RAJU: And he's getting all this criticism right now from the media, from his own party, from Democrats. For him to come out and say something would be an acknowledgement of making a mistake. Perhaps that's one reason why he has not tried to clean this up after his comment on Saturday.

KING: Well, we'll see if we hear from him today. He's meeting with the attorney general of the United States right now. He's meeting with his new FBI director right now. They promise an aggressive investigation into possible domestic terrorism to possible hate crimes. They're way out ahead of the president. We'll see if he says something and we'll see whether he waits until this afternoon and whether he speaks sooner.

When we come back, more of this conversation, this incident in Charlottesville and the president's response only increasing the view that more and more, even in his own Republican Party, the president is on an island.


[12:18:08] KING: Welcome back.

As we noted, the president of the United States, in a meeting with his attorney general and the FBI director, discussing the federal investigation into the hatred and the murder on display in Charlottesville, Virginia, this past weekend, the president facing a barrage of criticism from all corners that his statement on Saturday fell way short of the -- singling out the hate groups involved, the neo-Nazi, the white supremacists and the like. Advice for the president coming in from all corners, including a fellow Republican, Senator Lindsey Graham of South Carolina, who says the president fell short and he should fix it.
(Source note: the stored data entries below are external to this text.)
lemma detection_probability_eq:
  assumes R: "\<forall>j<J. R j \<in> carrier_mat d d" and orth: "orthonormal_family d \<psi> K"
    and proj: "is_orth_proj_onto d P (span_family d \<psi> K)" and \<Psi>: "\<Psi> \<in> carrier_vec d"
  shows "mtrace (P * kraus_map d R J (ketbra \<Psi>)) = of_real (\<Sum>j<J. \<Sum>a<K. cmod (cinner (\<psi> a) (R j *\<^sub>v \<Psi>))^2)"
proof -
  have P: "P \<in> carrier_mat d d"
    using proj unfolding is_orth_proj_onto_def by simp
  have "mtrace (P * kraus_map d R J (ketbra \<Psi>)) = (\<Sum>j<J. cinner (R j *\<^sub>v \<Psi>) (P *\<^sub>v (R j *\<^sub>v \<Psi>)))"
    using R \<Psi> P by (rule mtrace_mult_kraus_map_ketbra)
  also have "\<dots> = (\<Sum>j<J. of_real (\<Sum>a<K. cmod (cinner (\<psi> a) (R j *\<^sub>v \<Psi>))^2))"
    using R \<Psi> by (intro sum.cong refl cinner_orth_proj_span_family[OF orth proj]) auto
  finally show ?thesis
    by (simp only: of_real_sum)
qed

lemma detection_overlap_eq:
  assumes R: "\<forall>j<J. R j \<in> carrier_mat d d" and P: "P \<in> carrier_mat d d" "adj P = P"
    and \<Psi>: "\<Psi> \<in> carrier_vec d" "P *\<^sub>v \<Psi> = \<Psi>"
  shows "cinner \<Psi> ((s \<cdot>\<^sub>m (P * kraus_map d R J (ketbra \<Psi>) * P)) *\<^sub>v \<Psi>)
    = s * of_real (\<Sum>j<J. cmod (cinner \<Psi> (R j *\<^sub>v \<Psi>))^2)"
proof -
  define N where "N = kraus_map d R J (ketbra \<Psi>)"
  have N: "N \<in> carrier_mat d d"
    by (simp add: N_def kraus_map_carrier_mat)
  have "(P * N * P) *\<^sub>v \<Psi> = P *\<^sub>v (N *\<^sub>v \<Psi>)"
    using P \<Psi> N by (simp add: assoc_mult_mat_vec[of _ d d _ d])
  then have "cinner \<Psi> ((s \<cdot>\<^sub>m (P * N * P)) *\<^sub>v \<Psi>) = s * cinner \<Psi> (P *\<^sub>v (N *\<^sub>v \<Psi>))"
    using P \<Psi> N by (simp add: cinner_smult_mat_vec[of _ d])
  also have "cinner \<Psi> (P *\<^sub>v (N *\<^sub>v \<Psi>)) = cinner \<Psi> (N *\<^sub>v \<Psi>)"
    using P \<Psi> N by (simp add: cinner_mult_mat_vec_adj[of P d])
  also have "\<dots> = (\<Sum>j<J. cinner \<Psi> (R j *\<^sub>v \<Psi>) * cinner (R j *\<^sub>v \<Psi>) \<Psi>)"
    unfolding N_def by (rule cinner_kraus_map_ketbra[OF R \<Psi>(1) \<Psi>(1) \<Psi>(1)])
  also have "\<dots> = of_real (\<Sum>j<J. cmod (cinner \<Psi> (R j *\<^sub>v \<Psi>))^2)"
    unfolding of_real_sum complex_norm_square
  proof (intro sum.cong refl)
    fix j assume "j \<in> {..<J}"
    then have "R j *\<^sub>v \<Psi> \<in> carrier_vec d"
      using R \<Psi>(1) by auto
    then show "cinner \<Psi> (R j *\<^sub>v \<Psi>) * cinner (R j *\<^sub>v \<Psi>) \<Psi>
        = cinner \<Psi> (R j *\<^sub>v \<Psi>) * cnj (cinner \<Psi> (R j *\<^sub>v \<Psi>))"
      using \<Psi>(1) by (simp add: cinner_commute_cnj[of _ d \<Psi>])
  qed
  finally show ?thesis
    by (simp add: N_def)
qed

lemma detection_loss_le:
  assumes R: "\<forall>j<J. R j \<in> carrier_mat d d" and orth: "orthonormal_family d \<psi> K"
    and \<Psi>: "\<Psi> \<in> span_family d \<psi> K" "cinner \<Psi> \<Psi> = 1"
  shows "(\<Sum>j<J. \<Sum>a<K. cmod (cinner (\<psi> a) (R j *\<^sub>v \<Psi>))^2) - (\<Sum>j<J. cmod (cinner \<Psi> (R j *\<^sub>v \<Psi>))^2)
    \<le> real K ^ 2 * eps_approx R J \<psi> K"
proof -
  have \<psi>: "\<forall>a<K. \<psi> a \<in> carrier_vec d"
    using orth unfolding orthonormal_family_def by simp
  obtain c where c: "\<Psi> = vec d (\<lambda>i. \<Sum>a<K. c a * \<psi> a $ i)"
    using \<Psi>(1) unfolding span_family_def by blast
  have unit: "(\<Sum>a<K. cmod (c a)^2) = 1"
    using orthonormal_family_unit_coeffs[OF orth] \<Psi>(2) c by simp
  define M where "M j a b = cinner (\<psi> a) (R j *\<^sub>v \<psi> b)" for j a b
  have coeff: "cinner (\<psi> a) (R j *\<^sub>v \<Psi>) = (\<Sum>b<K. M j a b * c b)" if "a < K" "j < J" for a j
    unfolding c M_def using R \<psi> that by (intro cinner_mult_mat_vec_span_family) auto
  have overlap: "cinner \<Psi> (R j *\<^sub>v \<Psi>) = (\<Sum>a<K. cnj (c a) * (\<Sum>b<K. M j a b * c b))" if "j < J" for j
  proof -
    have R\<Psi>: "R j *\<^sub>v \<Psi> \<in> carrier_vec d"
      using R that c by auto
    have "cinner \<Psi> (R j *\<^sub>v \<Psi>) = (\<Sum>a<K. cnj (c a) * cinner (\<psi> a) (R j *\<^sub>v \<Psi>))"
      using cinner_span_family_left[OF \<psi> R\<Psi>, of c] unfolding c[symmetric] .
    then show ?thesis
      using that by (simp add: coeff)
  qed
  have "(\<Sum>j<J. \<Sum>a<K. cmod (cinner (\<psi> a) (R j *\<^sub>v \<Psi>))^2) - (\<Sum>j<J. cmod (cinner \<Psi> (R j *\<^sub>v \<Psi>))^2)
      = (\<Sum>j<J. (\<Sum>a<K. cmod (\<Sum>b<K. M j a b * c b)^2)
          - cmod (\<Sum>a<K. cnj (c a) * (\<Sum>b<K. M j a b * c b))^2)"
    by (simp add: sum_subtractf coeff overlap)
  also have "\<dots> \<le> (\<Sum>j<J. \<Sum>a<K. \<Sum>b<K. cmod (M j a b - (if a = b then M j 0 0 else 0))^2)"
    using unit by (intro sum_mono sum_cmod_sq_diff_proj_le)
  also have "\<dots> = (\<Sum>a<K. \<Sum>b<K. kl_defect R J \<psi> a b)"
    unfolding kl_defect_def M_def
    by (subst sum.swap, rule sum.cong[OF refl], subst sum.swap, simp)
  also have "\<dots> \<le> (\<Sum>a<K. \<Sum>b<K. eps_approx R J \<psi> K)"
    by (intro sum_mono kl_defect_le_eps_approx) auto
  also have "\<dots> = real K ^ 2 * eps_approx R J \<psi> K"
    by (simp add: power2_eq_square)
  finally show ?thesis .
qed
SEN. LINDSEY GRAHAM (R), SOUTH CAROLINA: If I were president of the United States and these people showed sympathy towards me and my agenda, it would bother me. And I would urge the president to dissuade them of the fact that they're -- that he's sympathetic to their cause, because their cause is hate. It is un-American. They are domestic terrorists. And we need more from our president on this issue.


KING: I don't think there's anybody in America, or very few people in America, who would disagree with that, we need more from our president on this issue.

What can he do right now? We're expecting the president to come out momentarily at the White House and make a statement. That's a change in the schedule. He was not going to speak until 3:00 this afternoon. That underscores the urgency with which they view this at the Trump White House.

But three days later, how does he fix it?

TALEV: Well, there are other steps, of course, reaching out to the families of the victims, having private conversations with them, words to the public, an appearance in Charlottesville at the appropriate time at a memorial, more initiatives and the discussion of those initiatives in terms of dealing with this problem, both from a law enforcement perspective and a societal perspective. There's a number of things he can do. But the timing matters. And the approach matters.

RAJU: And he can also be completely unequivocal. He was equivocal on Saturday saying very clearly who is responsible for this. The United States does not condoning this behavior. Strongly condemns these groups in the sharpest possible terms. He could certainly do that. Better late than never, but, clearly, a concern within the White House that what he did on Saturday is overshadowing everything right now and the president needs to do something to clean this up because they do not move as quickly (ph) now.

[12:20:17] VISER: I think that sincerity matters, too.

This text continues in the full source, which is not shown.